* _GOAL OF THE EXERCISE_
Scan the material for the string "linarith" and copy out every line in which it occurs.

-*-

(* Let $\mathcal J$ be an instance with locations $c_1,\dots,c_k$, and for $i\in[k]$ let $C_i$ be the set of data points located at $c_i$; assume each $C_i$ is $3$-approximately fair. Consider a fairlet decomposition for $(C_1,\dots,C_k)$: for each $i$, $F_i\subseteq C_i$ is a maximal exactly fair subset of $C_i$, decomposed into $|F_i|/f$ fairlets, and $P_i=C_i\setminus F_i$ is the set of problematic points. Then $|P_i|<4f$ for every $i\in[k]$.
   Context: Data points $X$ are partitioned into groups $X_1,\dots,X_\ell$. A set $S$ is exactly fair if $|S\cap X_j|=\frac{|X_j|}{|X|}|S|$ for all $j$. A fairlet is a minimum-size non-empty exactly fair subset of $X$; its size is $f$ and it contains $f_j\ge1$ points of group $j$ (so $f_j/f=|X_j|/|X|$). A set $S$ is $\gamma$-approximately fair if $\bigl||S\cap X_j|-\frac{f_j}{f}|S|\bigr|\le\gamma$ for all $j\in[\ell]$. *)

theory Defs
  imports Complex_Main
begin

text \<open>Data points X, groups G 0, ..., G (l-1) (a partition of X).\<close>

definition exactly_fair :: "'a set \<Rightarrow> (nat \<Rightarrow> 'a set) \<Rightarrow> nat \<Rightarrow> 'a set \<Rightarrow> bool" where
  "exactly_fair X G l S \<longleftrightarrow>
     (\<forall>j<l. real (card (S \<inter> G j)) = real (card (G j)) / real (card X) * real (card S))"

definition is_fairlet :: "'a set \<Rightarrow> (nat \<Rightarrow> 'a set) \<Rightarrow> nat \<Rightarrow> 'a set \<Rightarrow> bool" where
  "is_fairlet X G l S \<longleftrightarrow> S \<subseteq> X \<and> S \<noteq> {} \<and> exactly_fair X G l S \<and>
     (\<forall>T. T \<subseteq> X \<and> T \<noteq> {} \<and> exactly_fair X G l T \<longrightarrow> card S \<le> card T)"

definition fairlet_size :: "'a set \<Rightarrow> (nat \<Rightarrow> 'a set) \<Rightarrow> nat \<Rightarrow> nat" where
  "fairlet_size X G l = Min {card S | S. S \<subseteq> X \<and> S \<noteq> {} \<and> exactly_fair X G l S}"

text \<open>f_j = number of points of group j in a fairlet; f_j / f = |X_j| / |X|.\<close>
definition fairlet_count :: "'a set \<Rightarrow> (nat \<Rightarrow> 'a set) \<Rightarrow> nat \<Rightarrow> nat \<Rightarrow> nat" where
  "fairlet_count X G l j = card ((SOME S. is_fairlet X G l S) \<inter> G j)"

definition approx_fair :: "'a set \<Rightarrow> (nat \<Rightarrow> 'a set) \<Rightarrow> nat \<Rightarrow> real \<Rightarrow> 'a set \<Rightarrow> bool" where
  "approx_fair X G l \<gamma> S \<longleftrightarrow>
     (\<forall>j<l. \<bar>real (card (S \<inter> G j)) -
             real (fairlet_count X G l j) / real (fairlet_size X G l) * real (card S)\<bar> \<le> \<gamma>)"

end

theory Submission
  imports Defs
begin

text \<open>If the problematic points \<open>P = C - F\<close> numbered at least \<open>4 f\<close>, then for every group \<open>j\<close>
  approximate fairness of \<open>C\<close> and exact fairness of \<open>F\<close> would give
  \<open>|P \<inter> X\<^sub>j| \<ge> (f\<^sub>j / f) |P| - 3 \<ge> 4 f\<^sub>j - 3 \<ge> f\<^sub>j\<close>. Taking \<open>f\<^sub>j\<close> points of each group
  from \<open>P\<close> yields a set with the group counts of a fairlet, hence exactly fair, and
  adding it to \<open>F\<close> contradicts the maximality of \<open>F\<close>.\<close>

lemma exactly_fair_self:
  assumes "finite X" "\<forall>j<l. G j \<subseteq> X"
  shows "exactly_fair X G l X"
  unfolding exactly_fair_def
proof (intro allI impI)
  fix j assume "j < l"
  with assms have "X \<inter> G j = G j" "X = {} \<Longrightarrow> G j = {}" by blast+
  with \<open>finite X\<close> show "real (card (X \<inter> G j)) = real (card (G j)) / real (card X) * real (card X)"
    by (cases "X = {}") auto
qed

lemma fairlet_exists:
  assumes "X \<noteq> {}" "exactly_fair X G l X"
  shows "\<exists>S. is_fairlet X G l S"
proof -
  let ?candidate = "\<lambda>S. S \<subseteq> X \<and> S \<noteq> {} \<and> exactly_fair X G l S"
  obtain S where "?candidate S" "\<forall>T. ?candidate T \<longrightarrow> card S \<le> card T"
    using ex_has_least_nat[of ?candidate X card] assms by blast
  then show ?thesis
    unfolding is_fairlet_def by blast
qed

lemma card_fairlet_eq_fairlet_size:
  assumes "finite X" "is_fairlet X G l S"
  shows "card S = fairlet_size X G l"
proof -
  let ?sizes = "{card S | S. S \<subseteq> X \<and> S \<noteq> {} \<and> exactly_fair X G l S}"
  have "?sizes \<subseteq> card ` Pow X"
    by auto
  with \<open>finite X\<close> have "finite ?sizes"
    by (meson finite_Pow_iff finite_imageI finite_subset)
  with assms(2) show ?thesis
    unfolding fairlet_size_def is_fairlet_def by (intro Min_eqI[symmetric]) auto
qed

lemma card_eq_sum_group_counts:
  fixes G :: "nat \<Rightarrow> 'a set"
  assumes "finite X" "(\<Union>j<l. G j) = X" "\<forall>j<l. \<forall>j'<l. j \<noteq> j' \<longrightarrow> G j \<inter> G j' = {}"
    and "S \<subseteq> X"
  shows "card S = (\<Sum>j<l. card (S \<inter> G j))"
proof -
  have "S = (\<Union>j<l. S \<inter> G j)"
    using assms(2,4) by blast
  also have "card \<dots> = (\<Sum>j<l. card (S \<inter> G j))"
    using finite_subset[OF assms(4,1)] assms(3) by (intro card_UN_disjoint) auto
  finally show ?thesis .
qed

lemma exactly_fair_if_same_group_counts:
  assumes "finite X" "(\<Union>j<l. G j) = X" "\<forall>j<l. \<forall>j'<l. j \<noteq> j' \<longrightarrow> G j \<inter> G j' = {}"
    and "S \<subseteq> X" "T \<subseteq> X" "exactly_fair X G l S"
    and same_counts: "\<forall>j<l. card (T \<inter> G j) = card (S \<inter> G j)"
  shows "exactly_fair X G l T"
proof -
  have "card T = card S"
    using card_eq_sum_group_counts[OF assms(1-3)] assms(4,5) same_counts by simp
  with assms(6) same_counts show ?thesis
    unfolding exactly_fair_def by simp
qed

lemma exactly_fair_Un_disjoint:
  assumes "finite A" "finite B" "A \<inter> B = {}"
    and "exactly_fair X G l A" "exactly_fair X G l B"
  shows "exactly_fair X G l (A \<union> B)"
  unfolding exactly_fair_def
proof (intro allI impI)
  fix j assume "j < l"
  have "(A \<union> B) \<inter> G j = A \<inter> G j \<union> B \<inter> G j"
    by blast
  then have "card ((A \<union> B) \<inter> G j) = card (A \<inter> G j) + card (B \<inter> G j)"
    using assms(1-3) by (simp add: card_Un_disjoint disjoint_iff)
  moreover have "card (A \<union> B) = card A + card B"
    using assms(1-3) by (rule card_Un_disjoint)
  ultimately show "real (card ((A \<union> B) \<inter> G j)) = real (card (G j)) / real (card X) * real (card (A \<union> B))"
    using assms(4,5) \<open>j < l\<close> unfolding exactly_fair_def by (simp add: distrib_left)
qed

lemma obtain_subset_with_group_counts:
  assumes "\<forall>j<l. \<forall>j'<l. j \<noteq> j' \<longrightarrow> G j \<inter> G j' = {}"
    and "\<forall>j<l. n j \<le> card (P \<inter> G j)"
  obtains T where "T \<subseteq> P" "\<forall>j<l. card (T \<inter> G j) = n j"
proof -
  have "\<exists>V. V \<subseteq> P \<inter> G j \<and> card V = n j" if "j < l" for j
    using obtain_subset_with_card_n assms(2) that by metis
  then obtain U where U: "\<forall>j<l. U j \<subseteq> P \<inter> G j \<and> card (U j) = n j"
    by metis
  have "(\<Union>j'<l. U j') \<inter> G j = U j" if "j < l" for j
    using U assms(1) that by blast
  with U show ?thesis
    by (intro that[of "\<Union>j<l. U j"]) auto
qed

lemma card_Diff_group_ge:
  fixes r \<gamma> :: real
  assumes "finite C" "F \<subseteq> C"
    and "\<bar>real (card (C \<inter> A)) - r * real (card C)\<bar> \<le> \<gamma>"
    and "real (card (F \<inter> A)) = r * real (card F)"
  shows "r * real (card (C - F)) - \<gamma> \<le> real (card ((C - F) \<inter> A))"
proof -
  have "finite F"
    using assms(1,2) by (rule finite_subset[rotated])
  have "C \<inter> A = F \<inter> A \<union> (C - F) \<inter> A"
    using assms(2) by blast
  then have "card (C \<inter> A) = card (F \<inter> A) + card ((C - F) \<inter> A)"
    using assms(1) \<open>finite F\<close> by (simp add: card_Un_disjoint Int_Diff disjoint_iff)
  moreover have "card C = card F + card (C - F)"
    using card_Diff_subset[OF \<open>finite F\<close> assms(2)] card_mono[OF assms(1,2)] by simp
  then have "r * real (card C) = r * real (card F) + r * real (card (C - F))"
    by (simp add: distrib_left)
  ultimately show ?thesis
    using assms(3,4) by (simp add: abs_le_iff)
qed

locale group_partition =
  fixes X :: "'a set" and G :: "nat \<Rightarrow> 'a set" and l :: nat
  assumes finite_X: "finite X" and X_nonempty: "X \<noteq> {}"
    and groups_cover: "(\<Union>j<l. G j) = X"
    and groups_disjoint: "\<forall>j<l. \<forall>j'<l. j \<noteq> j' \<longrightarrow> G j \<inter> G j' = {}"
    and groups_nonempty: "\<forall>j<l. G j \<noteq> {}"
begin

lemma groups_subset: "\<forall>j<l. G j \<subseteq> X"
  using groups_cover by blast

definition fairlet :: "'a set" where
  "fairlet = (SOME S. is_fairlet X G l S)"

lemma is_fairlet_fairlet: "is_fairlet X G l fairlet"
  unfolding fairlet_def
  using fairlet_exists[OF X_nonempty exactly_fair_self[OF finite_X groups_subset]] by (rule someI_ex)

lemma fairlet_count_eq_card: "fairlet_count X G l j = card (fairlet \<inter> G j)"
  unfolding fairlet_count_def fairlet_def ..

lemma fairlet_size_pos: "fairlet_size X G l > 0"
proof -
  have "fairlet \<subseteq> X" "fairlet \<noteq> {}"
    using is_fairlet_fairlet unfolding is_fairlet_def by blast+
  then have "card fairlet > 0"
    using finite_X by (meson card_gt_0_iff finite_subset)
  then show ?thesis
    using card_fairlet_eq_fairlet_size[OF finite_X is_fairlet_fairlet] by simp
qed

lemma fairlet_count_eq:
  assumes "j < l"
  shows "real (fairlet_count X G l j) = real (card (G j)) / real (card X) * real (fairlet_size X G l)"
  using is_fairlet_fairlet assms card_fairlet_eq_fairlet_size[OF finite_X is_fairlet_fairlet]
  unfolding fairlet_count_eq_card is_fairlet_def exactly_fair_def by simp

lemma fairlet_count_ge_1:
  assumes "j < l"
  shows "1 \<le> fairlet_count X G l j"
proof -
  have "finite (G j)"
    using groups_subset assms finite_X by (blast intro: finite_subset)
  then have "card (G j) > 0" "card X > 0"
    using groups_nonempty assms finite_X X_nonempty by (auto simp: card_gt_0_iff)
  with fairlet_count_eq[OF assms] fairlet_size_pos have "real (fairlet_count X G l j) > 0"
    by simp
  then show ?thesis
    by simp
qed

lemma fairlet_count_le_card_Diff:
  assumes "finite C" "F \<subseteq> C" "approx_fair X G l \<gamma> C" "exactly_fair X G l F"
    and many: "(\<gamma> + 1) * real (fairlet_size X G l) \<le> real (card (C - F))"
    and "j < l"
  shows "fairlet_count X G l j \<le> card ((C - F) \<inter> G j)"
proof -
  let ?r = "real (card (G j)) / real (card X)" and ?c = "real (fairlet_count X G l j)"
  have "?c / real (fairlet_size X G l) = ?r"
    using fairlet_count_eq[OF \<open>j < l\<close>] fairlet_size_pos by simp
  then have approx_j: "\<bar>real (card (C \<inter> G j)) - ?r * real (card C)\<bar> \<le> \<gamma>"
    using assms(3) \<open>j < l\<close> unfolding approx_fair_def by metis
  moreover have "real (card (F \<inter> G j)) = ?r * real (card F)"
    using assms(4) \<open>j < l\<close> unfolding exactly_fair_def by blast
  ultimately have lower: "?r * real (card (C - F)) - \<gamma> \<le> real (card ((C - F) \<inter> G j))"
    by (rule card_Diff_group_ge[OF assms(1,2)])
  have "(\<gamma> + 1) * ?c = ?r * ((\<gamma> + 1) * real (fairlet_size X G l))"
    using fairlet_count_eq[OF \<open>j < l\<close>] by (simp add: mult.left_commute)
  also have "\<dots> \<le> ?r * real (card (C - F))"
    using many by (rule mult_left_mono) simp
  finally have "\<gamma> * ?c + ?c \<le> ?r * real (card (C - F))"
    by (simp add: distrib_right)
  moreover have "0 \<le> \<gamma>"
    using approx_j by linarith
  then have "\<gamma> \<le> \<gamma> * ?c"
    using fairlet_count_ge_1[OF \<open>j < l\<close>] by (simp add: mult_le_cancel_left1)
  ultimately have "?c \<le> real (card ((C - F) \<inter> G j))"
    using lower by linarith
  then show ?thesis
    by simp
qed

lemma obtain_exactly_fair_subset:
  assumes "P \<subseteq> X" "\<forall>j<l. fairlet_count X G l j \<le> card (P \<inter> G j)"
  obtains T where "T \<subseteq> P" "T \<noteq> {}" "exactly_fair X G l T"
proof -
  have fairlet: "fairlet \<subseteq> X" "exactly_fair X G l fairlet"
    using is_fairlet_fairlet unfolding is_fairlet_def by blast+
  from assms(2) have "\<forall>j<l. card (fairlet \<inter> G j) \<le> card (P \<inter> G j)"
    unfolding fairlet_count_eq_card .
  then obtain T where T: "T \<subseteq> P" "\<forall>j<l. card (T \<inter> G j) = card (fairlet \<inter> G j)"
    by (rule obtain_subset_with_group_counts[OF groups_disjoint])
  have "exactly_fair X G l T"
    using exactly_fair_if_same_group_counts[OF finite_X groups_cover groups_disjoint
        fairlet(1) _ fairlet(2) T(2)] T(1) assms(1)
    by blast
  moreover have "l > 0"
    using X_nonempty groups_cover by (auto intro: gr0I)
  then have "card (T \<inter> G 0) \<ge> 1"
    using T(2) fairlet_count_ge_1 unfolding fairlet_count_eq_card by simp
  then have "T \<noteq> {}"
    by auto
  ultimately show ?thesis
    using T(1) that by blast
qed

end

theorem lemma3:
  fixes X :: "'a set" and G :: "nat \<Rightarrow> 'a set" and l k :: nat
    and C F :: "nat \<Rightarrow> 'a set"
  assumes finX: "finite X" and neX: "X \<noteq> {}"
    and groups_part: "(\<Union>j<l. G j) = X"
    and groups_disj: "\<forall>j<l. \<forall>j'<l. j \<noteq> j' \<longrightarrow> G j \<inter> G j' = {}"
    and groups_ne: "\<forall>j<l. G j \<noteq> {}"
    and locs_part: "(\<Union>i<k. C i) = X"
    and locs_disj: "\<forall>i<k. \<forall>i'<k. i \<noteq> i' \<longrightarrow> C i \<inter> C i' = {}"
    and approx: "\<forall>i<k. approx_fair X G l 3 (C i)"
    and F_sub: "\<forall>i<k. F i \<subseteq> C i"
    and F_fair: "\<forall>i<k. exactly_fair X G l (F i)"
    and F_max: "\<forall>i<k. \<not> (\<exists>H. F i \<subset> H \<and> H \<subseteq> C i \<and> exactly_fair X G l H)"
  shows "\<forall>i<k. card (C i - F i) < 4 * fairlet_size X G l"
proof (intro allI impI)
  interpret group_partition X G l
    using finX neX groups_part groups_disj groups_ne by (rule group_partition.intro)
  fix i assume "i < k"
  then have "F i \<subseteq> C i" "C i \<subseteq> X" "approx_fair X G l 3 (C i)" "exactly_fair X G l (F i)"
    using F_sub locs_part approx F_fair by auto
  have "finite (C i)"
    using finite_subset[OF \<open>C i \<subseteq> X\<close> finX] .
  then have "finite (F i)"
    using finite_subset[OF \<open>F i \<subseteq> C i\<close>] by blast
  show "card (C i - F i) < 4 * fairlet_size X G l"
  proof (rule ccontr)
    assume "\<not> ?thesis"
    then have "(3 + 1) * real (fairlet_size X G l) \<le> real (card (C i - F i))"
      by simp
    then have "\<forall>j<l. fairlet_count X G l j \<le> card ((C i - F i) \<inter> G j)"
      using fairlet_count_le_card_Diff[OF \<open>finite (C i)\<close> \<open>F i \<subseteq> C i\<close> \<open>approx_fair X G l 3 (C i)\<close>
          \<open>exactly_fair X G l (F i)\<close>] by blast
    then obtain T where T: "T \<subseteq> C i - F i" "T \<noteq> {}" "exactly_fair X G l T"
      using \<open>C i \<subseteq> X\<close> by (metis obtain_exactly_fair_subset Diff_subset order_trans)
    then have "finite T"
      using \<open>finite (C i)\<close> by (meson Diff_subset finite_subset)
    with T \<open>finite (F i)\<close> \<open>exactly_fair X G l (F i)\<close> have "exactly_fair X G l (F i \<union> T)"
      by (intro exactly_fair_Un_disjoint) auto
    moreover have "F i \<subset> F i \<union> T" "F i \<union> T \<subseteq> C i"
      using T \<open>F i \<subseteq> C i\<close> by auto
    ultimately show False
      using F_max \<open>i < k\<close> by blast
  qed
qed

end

-*-

* _TASK RESPONSE_
    using approx_j by linarith
    using lower by linarith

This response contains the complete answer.